<<<<
(* The rectangle locus for two pairs of lines in the plane is a hyperbola if and only if neither pair consists of parallel lines, at most one pair consists of orthogonal lines, and the pairs are not translations of each other.
   Context: A pair of lines means two distinct lines; two pairs of lines are distinct pairs, possibly sharing one line. The rectangle locus of two pairs $L_1,L_3$ and $L_2,L_4$ is the set of points $p$ in the plane that are the midpoint both of a segment joining $L_1$ and $L_3$ and of a segment joining $L_2$ and $L_4$, these two segments having equal length (equivalently, centers of possibly degenerate rectangles whose diagonals join the lines of the respective pairs). Here a hyperbola means a set $\{{\bf x}\in\mathbb{R}^2:({\bf x}-{\bf p})^TC({\bf x}-{\bf p})=k\}$ with $C$ a real symmetric $2\times2$ matrix with $\det C<0$, ${\bf p}\in\mathbb{R}^2$, $k\in\mathbb{R}$; the case $k=0$ (a pair of crossing lines) is a degenerate hyperbola and is allowed. One pair is a translation of the other if it is its image under a translation of the plane. *)

theory Defs
  imports "HOL-Analysis.Analysis"
begin

type_synonym point = "real^2"

definition line_through :: "point \<Rightarrow> point \<Rightarrow> point set" where
  "line_through p d = {p + t *\<^sub>R d | t. True}"

definition is_line :: "point set \<Rightarrow> bool" where
  "is_line L \<longleftrightarrow> (\<exists>p d. d \<noteq> 0 \<and> L = line_through p d)"

definition parallel_lines :: "point set \<Rightarrow> point set \<Rightarrow> bool" where
  "parallel_lines L M \<longleftrightarrow>
     (\<exists>p q d. d \<noteq> 0 \<and> L = line_through p d \<and> M = line_through q d)"

definition orthogonal_lines :: "point set \<Rightarrow> point set \<Rightarrow> bool" where
  "orthogonal_lines L M \<longleftrightarrow>
     (\<exists>p q d e. d \<noteq> 0 \<and> e \<noteq> 0 \<and> d \<bullet> e = 0 \<and>
        L = line_through p d \<and> M = line_through q e)"

definition rectangle_locus ::
  "point set \<Rightarrow> point set \<Rightarrow> point set \<Rightarrow> point set \<Rightarrow> point set" where
  "rectangle_locus L1 L3 L2 L4 =
     {x. \<exists>a\<in>L1. \<exists>c\<in>L3. \<exists>b\<in>L2. \<exists>d\<in>L4.
           midpoint a c = x \<and> midpoint b d = x \<and> dist a c = dist b d}"

text \<open>Hyperbola (possibly degenerate, k = 0 allowed).\<close>
definition is_hyperbola :: "point set \<Rightarrow> bool" where
  "is_hyperbola S \<longleftrightarrow>
     (\<exists>(C::real^2^2) (p::point) (k::real).
        transpose C = C \<and> det C < 0 \<and>
        S = {x. (x - p) \<bullet> (C *v (x - p)) = k})"

definition pair_translate :: "point set \<Rightarrow> point set \<Rightarrow> point set \<Rightarrow> point set \<Rightarrow> bool" where
  "pair_translate L1 L3 L2 L4 \<longleftrightarrow>
     (\<exists>v::point. {(\<lambda>x. x + v) ` L1, (\<lambda>x. x + v) ` L3} = {L2, L4})"

end

theory Submission
  imports Defs
begin

(* Put each pair of lines through its intersection point: L1, L3 through P with directions d1, d3,
   and L2, L4 through Q with directions d2, d4. If a = P + s d and c = P + t e, then the midpoint x
   satisfies 2 (x - P) = s d + t e, while the diagonal a - c = s d - t e is the image of 2 (x - P)
   under the oblique reflection fixing d and reversing e. Hence the rectangle locus is
   {x. |R (x - P)| = |S (x - Q)|} for two such reflections R and S, the zero set of a quadratic
   function with quadratic part R^T R - S^T S. For matrices with trace 0 and determinant -1 the
   determinant of R^T R - S^T S is minus a sum of two squares; it vanishes exactly when R and S are
   both symmetric (both pairs orthogonal) or S = R or S = -R (one pair is a translate of the other),
   and then the quadratic part vanishes, so the locus is a line, the plane or empty. A hyperbola is
   none of these, nor is it contained in a line, which is where the locus of a parallel pair lies. *)

section \<open>Planar vectors\<close>

lemma vec2_eq_iff: "(x::'a^2) = y \<longleftrightarrow> x$1 = y$1 \<and> x$2 = y$2"
  by (simp add: vec_eq_iff forall_2)

lemma inner_vec2: "(x::real^2) \<bullet> y = x$1 * y$1 + x$2 * y$2"
  by (simp add: inner_vec_def sum_2)

definition cross2 :: "real^2 \<Rightarrow> real^2 \<Rightarrow> real" where
  "cross2 a b = a$1 * b$2 - a$2 * b$1"

lemma cross2_swap: "cross2 b a = - cross2 a b"
  by (simp add: cross2_def)

lemma cross2_eq_0_commute: "cross2 b a = 0 \<longleftrightarrow> cross2 a b = 0"
  using cross2_swap[of b a] by simp

lemma cross2_nonzero_imp_nonzero:
  assumes "cross2 d e \<noteq> 0"
  shows "d \<noteq> 0" "e \<noteq> 0"
  using assms by (auto simp: cross2_def)

lemma scaleR_cancel_imp_eq:
  fixes x y :: "'a::real_vector"
  assumes "b \<noteq> 0" "b *\<^sub>R x = a *\<^sub>R y"
  shows "x = (a / b) *\<^sub>R y"
proof -
  have "x = (1 / b) *\<^sub>R (b *\<^sub>R x)" using assms(1) by simp
  also have "\<dots> = (a / b) *\<^sub>R y" using assms(2) by simp
  finally show ?thesis .
qed

lemma cross2_eq_0_iff:
  assumes "d \<noteq> 0"
  shows "cross2 d e = 0 \<longleftrightarrow> (\<exists>c. e = c *\<^sub>R d)"
proof
  assume "cross2 d e = 0"
  then have "(d \<bullet> d) *\<^sub>R e = (d \<bullet> e) *\<^sub>R d"
    unfolding vec2_eq_iff inner_vec2 cross2_def by (simp add: algebra_simps)
  then have "e = ((d \<bullet> e) / (d \<bullet> d)) *\<^sub>R d"
    using assms by (intro scaleR_cancel_imp_eq) simp_all
  then show "\<exists>c. e = c *\<^sub>R d" ..
qed (auto simp: cross2_def)

lemma cramer2:
  assumes "cross2 d e \<noteq> 0"
  shows "y = (cross2 y e / cross2 d e) *\<^sub>R d + (cross2 d y / cross2 d e) *\<^sub>R e"
proof -
  have "cross2 d e *\<^sub>R y = 1 *\<^sub>R (cross2 y e *\<^sub>R d + cross2 d y *\<^sub>R e)"
    unfolding vec2_eq_iff cross2_def by (simp add: algebra_simps)
  from scaleR_cancel_imp_eq[OF assms this] show ?thesis
    by (simp add: scaleR_add_right)
qed

lemma orthogonal_to_basis_eq_0:
  assumes "w \<bullet> a = 0" "w \<bullet> b = 0" "cross2 a b \<noteq> 0"
  shows "w = 0"
proof -
  have "w \<bullet> w = 0"
    by (subst (2) cramer2[OF assms(3), of w]) (simp add: inner_add_right assms(1,2))
  then show ?thesis by simp
qed

section \<open>Quadratic forms and hyperbolas\<close>

lemmas matrix2_simps = vec2_eq_iff transpose_def matrix_matrix_mult_def mat_def sum_2 det_2 trace_def

lemma transpose_eq_self_2: "transpose (A::'a^2^2) = A \<longleftrightarrow> A$1$2 = A$2$1"
  by (auto simp: vec2_eq_iff transpose_def)

lemma matrix_vector_mult_uminus: "(- A) *v x = - (A *v (x::real^'n))"
  by (simp add: matrix_vector_mult_def vec_eq_iff sum_negf)

lemma inner_matrix_vector_vec2:
  "(x::real^2) \<bullet> ((C::real^2^2) *v y)
    = C$1$1 * x$1 * y$1 + C$1$2 * x$1 * y$2 + C$2$1 * x$2 * y$1 + C$2$2 * x$2 * y$2"
  by (simp add: inner_vec2 matrix_vector_mult_def sum_2 algebra_simps)

lemma symmetric_matrix_inner_commute:
  assumes "transpose C = C"
  shows "x \<bullet> (C *v y) = (C *v x) \<bullet> (y::real^'n)"
proof -
  have "x v* C = C *v x"
    using vector_transpose_matrix[of x C] assms by simp
  then show ?thesis by (simp flip: dot_lmul_matrix)
qed

lemma quadratic_form_lincomb:
  fixes C :: "real^'n^'n"
  assumes "transpose C = C"
  shows "(s *\<^sub>R a + t *\<^sub>R b) \<bullet> (C *v (s *\<^sub>R a + t *\<^sub>R b))
    = s\<^sup>2 * (a \<bullet> (C *v a)) + 2 * s * t * (a \<bullet> (C *v b)) + t\<^sup>2 * (b \<bullet> (C *v b))"
proof -
  have "b \<bullet> (C *v a) = a \<bullet> (C *v b)"
    using symmetric_matrix_inner_commute[OF assms, of b a] by (simp add: inner_commute)
  then show ?thesis
    by (simp add: power2_eq_square algebra_simps)
qed

lemma quadratic_form_shift:
  fixes G :: "real^'n^'n"
  assumes "transpose G = G"
  shows "(x - p) \<bullet> (G *v (x - p)) = x \<bullet> (G *v x) - 2 * ((G *v p) \<bullet> x) + p \<bullet> (G *v p)"
proof -
  have "x \<bullet> (G *v p) = (G *v p) \<bullet> x" by (rule inner_commute)
  moreover have "p \<bullet> (G *v x) = (G *v p) \<bullet> x" by (rule symmetric_matrix_inner_commute[OF assms])
  ultimately show ?thesis
    by (simp add: matrix_vector_mult_diff_distrib inner_diff_left inner_diff_right)
qed

lemma norm_matrix_vector_power2:
  fixes A :: "real^'n^'m"
  shows "(norm (A *v y))\<^sup>2 = y \<bullet> ((transpose A ** A) *v y)"
proof -
  have "(A *v y) \<bullet> (A *v y) = ((A *v y) v* A) \<bullet> y" by (simp add: dot_lmul_matrix)
  also have "\<dots> = y \<bullet> ((transpose A ** A) *v y)"
    by (simp flip: matrix_vector_mul_assoc add: inner_commute)
  finally show ?thesis by (simp add: power2_norm_eq_inner)
qed

lemma isotropic_basis:
  fixes C :: "real^2^2"
  assumes "transpose C = C" "det C < 0"
  obtains a b where "a \<bullet> (C *v a) = 0" "b \<bullet> (C *v b) = 0" "a \<bullet> (C *v b) \<noteq> 0" "cross2 a b \<noteq> 0"
proof -
  have sym: "C$2$1 = C$1$2"
    using assms(1) by (simp add: transpose_eq_self_2)
  define \<alpha> \<beta> \<gamma> where "\<alpha> = C$1$1" and "\<beta> = C$1$2" and "\<gamma> = C$2$2"
  have neg: "\<alpha> * \<gamma> < \<beta>\<^sup>2"
    using assms(2) sym by (simp add: det_2 \<alpha>_def \<beta>_def \<gamma>_def power2_eq_square)
  have form: "x \<bullet> (C *v y) = \<alpha> * x$1 * y$1 + \<beta> * (x$1 * y$2 + x$2 * y$1) + \<gamma> * x$2 * y$2"
    for x y :: "real^2"
    by (simp add: inner_matrix_vector_vec2 sym \<alpha>_def \<beta>_def \<gamma>_def algebra_simps)
  show ?thesis
  proof (cases "\<alpha> = 0")
    case True
    then have "\<beta> \<noteq> 0" using neg by auto
    show ?thesis
      by (rule that[of "vector [1, 0]" "vector [\<gamma>, -2 * \<beta>]"])
        (use True \<open>\<beta> \<noteq> 0\<close> in \<open>simp_all add: form cross2_def power2_eq_square algebra_simps\<close>)
  next
    case False
    define r where "r = sqrt (\<beta>\<^sup>2 - \<alpha> * \<gamma>)"
    have r2: "r\<^sup>2 = \<beta>\<^sup>2 - \<alpha> * \<gamma>" and "r > 0"
      using neg by (simp_all add: r_def)
    show ?thesis
    proof (rule that[of "vector [r - \<beta>, \<alpha>]" "vector [- r - \<beta>, \<alpha>]"])
      show "vector [r - \<beta>, \<alpha>] \<bullet> (C *v vector [r - \<beta>, \<alpha>]) = 0"
        "vector [- r - \<beta>, \<alpha>] \<bullet> (C *v vector [- r - \<beta>, \<alpha>]) = 0"
        using r2 by (simp_all add: form) algebra+
      have "vector [r - \<beta>, \<alpha>] \<bullet> (C *v vector [- r - \<beta>, \<alpha>]) = - 2 * \<alpha> * r\<^sup>2"
        using r2 by (simp add: form) algebra
      then show "vector [r - \<beta>, \<alpha>] \<bullet> (C *v vector [- r - \<beta>, \<alpha>]) \<noteq> 0"
        using False \<open>r > 0\<close> by simp
      show "cross2 (vector [r - \<beta>, \<alpha>]) (vector [- r - \<beta>, \<alpha>]) \<noteq> 0"
        using False \<open>r > 0\<close> by (simp add: cross2_def algebra_simps)
    qed
  qed
qed

lemma hyperbola_asymptotic_coordinates:
  assumes "is_hyperbola S"
  obtains a b p m where "cross2 a b \<noteq> 0" "\<And>s t. p + s *\<^sub>R a + t *\<^sub>R b \<in> S \<longleftrightarrow> s * t = m"
proof -
  obtain C p k where sym: "transpose C = C" and det: "det C < 0"
    and S: "S = {x. (x - p) \<bullet> (C *v (x - p)) = k}"
    using assms unfolding is_hyperbola_def by blast
  obtain a b where a: "a \<bullet> (C *v a) = 0" and b: "b \<bullet> (C *v b) = 0"
    and ab: "a \<bullet> (C *v b) \<noteq> 0" and "cross2 a b \<noteq> 0"
    using isotropic_basis[OF sym det] .
  have "p + s *\<^sub>R a + t *\<^sub>R b \<in> S \<longleftrightarrow> s * t = k / (2 * (a \<bullet> (C *v b)))" for s t
    using quadratic_form_lincomb[OF sym, of s a t b] ab
    by (simp add: S a b field_simps)
  with \<open>cross2 a b \<noteq> 0\<close> show ?thesis by (rule that)
qed

lemma hyperbola_subset_line:
  assumes "is_hyperbola S" "S \<subseteq> {x. w \<bullet> x = c}"
  shows "w = 0 \<and> c = 0"
proof -
  obtain a b p m where ab: "cross2 a b \<noteq> 0"
    and S: "\<And>s t. p + s *\<^sub>R a + t *\<^sub>R b \<in> S \<longleftrightarrow> s * t = m"
    using hyperbola_asymptotic_coordinates[OF assms(1)] by metis
  have on_line: "w \<bullet> p + s * (w \<bullet> a) + t * (w \<bullet> b) = c" if "s * t = m" for s t
    using assms(2) S[of s t] that by (auto simp: inner_add_right)
  have "w \<bullet> p + w \<bullet> a + m * (w \<bullet> b) = c" "w \<bullet> p - w \<bullet> a - m * (w \<bullet> b) = c"
    using on_line[of 1 m] on_line[of "-1" "-m"] by simp_all
  then have p: "w \<bullet> p = c" and a: "w \<bullet> a + m * (w \<bullet> b) = 0"
    by linarith+
  have "w \<bullet> b = 0"
  proof (cases "m = 0")
    case True
    then show ?thesis using on_line[of 0 1] p by simp
  next
    case False
    have "2 * (w \<bullet> a) + m * (w \<bullet> b) / 2 = 0"
      using on_line[of 2 "m / 2"] p by simp
    with a have "m * (w \<bullet> b) = 0" by linarith
    with False show ?thesis by simp
  qed
  moreover from this a have "w \<bullet> a = 0" by simp
  ultimately have "w = 0" using ab by (intro orthogonal_to_basis_eq_0)
  with p show ?thesis by simp
qed

lemma hyperbola_neq_UNIV:
  assumes "is_hyperbola S"
  shows "S \<noteq> UNIV"
proof
  assume "S = UNIV"
  obtain a b p m where "\<And>s t. p + s *\<^sub>R a + t *\<^sub>R b \<in> S \<longleftrightarrow> s * t = m"
    using hyperbola_asymptotic_coordinates[OF assms] by metis
  from this[of 0 0] this[of 1 1] \<open>S = UNIV\<close> show False by simp
qed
>>>>
== Work to be completed ==
Where a line above holds the word "bool", copy it.

== Result ==
definition is_line :: "point set \<Rightarrow> bool" where
definition parallel_lines :: "point set \<Rightarrow> point set \<Rightarrow> bool" where
definition orthogonal_lines :: "point set \<Rightarrow> point set \<Rightarrow> bool" where
definition is_hyperbola :: "point set \<Rightarrow> bool" where
definition pair_translate :: "point set \<Rightarrow> point set \<Rightarrow> point set \<Rightarrow> point set \<Rightarrow> bool" where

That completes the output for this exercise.